───── ENTRIES SUPPLIED
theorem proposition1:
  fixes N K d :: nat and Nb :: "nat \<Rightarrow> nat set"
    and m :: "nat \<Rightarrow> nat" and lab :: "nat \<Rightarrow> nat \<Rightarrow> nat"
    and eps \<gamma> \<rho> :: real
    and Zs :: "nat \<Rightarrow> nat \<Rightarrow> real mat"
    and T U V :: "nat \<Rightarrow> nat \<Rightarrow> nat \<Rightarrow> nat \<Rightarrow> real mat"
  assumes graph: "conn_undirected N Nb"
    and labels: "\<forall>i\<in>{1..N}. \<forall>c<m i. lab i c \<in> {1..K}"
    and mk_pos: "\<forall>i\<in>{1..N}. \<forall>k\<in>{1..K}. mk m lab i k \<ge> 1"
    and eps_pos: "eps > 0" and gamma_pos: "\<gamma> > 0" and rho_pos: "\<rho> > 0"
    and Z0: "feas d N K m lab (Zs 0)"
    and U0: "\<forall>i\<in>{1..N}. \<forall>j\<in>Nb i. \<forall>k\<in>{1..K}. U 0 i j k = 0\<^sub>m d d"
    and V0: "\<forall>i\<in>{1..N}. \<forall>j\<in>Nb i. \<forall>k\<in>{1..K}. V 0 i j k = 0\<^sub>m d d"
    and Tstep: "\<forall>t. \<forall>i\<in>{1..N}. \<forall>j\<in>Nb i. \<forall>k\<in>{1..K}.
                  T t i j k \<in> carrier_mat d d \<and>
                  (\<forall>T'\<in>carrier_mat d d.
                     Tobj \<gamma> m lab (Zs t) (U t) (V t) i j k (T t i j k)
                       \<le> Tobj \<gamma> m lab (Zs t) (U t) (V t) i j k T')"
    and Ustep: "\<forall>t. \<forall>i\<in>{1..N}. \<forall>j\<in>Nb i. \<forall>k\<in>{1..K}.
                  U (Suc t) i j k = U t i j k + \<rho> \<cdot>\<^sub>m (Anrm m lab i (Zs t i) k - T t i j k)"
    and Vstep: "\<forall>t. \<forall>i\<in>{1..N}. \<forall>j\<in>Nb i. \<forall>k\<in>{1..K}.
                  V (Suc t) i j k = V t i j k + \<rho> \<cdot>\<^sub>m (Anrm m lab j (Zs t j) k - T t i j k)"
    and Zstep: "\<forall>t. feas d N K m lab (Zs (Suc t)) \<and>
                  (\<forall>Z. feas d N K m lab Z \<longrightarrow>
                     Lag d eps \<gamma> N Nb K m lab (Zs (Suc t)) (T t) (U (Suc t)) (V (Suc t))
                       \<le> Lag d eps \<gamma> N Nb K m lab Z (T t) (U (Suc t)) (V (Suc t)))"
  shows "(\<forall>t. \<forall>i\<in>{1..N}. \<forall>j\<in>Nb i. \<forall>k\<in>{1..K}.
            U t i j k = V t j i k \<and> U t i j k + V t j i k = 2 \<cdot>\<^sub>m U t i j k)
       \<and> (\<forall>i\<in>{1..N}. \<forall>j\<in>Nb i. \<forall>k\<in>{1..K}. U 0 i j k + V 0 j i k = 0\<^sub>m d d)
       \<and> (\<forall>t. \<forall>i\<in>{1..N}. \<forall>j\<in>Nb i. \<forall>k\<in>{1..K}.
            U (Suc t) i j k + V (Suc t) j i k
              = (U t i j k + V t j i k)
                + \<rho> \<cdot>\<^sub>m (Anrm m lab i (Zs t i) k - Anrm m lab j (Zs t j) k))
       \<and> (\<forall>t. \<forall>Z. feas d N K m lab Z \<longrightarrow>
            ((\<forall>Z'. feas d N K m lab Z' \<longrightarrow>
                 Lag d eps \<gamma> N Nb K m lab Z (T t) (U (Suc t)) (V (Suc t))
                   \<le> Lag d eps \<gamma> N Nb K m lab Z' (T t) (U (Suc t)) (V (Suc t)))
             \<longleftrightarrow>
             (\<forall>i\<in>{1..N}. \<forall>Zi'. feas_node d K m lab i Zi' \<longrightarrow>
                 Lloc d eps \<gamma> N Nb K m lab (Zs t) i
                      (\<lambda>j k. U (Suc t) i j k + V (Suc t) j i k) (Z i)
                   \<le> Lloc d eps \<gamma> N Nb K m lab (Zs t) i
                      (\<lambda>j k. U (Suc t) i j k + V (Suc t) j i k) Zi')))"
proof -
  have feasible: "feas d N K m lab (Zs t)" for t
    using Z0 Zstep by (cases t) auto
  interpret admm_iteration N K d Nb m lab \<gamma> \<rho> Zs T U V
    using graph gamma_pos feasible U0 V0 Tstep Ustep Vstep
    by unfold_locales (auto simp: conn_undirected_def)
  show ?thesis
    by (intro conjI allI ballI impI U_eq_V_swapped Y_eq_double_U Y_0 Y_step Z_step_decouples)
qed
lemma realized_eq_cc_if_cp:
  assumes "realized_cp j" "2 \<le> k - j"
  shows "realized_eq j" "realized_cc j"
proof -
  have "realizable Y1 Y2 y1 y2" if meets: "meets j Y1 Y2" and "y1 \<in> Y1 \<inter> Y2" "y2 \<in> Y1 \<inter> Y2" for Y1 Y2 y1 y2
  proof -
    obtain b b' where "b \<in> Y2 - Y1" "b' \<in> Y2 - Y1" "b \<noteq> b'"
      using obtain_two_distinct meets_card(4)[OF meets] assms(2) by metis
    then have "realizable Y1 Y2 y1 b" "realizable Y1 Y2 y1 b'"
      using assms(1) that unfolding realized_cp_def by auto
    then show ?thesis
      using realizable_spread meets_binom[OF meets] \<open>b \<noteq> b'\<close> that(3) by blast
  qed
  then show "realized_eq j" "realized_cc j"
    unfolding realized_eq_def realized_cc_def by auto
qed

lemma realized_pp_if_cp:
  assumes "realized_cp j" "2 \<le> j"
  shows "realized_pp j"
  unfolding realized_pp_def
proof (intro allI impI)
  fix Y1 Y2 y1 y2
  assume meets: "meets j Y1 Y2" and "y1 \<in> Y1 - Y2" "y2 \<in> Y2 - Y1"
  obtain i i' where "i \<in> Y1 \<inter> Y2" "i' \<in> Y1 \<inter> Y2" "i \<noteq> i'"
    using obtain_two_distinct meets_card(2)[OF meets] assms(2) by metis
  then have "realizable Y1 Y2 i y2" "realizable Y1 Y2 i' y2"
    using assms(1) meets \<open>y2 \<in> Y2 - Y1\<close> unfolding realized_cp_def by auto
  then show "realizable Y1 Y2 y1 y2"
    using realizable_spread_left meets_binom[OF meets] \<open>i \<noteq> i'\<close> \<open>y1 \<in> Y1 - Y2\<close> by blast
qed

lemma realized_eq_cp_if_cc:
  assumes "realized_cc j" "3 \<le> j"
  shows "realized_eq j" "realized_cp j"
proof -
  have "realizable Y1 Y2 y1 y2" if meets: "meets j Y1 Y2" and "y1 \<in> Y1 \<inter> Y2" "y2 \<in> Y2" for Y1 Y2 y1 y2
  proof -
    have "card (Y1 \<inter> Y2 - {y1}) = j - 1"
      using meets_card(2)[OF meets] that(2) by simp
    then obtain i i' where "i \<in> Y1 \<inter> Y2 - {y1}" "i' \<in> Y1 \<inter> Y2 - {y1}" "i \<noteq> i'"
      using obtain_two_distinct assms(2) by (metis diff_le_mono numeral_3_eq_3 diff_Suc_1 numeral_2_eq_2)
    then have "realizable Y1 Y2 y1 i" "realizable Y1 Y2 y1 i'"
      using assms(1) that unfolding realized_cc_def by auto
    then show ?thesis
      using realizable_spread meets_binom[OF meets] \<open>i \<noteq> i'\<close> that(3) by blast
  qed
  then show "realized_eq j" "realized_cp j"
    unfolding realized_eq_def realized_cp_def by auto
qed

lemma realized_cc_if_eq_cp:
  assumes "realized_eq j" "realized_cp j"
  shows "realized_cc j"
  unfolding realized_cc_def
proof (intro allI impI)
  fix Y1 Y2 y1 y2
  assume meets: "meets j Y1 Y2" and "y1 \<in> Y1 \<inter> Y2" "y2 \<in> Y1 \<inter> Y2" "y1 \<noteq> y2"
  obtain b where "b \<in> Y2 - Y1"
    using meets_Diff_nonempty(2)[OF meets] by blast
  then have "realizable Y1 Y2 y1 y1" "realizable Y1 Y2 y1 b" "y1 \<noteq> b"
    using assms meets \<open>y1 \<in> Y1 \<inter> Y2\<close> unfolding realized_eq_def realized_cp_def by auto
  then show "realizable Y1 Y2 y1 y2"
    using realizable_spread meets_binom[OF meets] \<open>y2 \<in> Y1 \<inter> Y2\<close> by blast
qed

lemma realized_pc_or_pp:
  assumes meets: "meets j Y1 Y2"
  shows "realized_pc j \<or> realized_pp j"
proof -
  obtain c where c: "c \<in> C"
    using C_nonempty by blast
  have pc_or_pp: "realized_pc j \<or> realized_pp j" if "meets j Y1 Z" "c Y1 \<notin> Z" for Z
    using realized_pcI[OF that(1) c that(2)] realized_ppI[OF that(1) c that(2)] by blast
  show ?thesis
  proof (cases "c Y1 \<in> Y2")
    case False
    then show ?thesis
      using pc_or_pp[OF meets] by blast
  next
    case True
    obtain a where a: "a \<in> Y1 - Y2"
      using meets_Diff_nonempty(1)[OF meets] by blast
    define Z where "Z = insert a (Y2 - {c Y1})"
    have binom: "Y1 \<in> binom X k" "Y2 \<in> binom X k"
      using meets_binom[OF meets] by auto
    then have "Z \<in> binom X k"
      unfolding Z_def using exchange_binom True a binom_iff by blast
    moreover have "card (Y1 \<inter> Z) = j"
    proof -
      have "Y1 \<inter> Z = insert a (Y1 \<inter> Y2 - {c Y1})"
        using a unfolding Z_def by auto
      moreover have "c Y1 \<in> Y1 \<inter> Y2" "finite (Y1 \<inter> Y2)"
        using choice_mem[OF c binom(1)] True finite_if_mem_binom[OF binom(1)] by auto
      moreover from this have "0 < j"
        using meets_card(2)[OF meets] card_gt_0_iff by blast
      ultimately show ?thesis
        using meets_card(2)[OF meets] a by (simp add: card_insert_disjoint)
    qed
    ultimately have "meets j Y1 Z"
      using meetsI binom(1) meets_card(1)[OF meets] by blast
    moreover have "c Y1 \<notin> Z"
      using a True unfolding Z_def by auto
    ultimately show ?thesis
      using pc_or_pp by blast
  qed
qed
──────────
WHAT YOU ARE ASKED TO DO: After identifying the lines above that contain "lemma", copy each one.

TASK ANSWER:
lemma realized_eq_cc_if_cp:
lemma realized_pp_if_cp:
lemma realized_eq_cp_if_cc:
lemma realized_cc_if_eq_cp:
lemma realized_pc_or_pp:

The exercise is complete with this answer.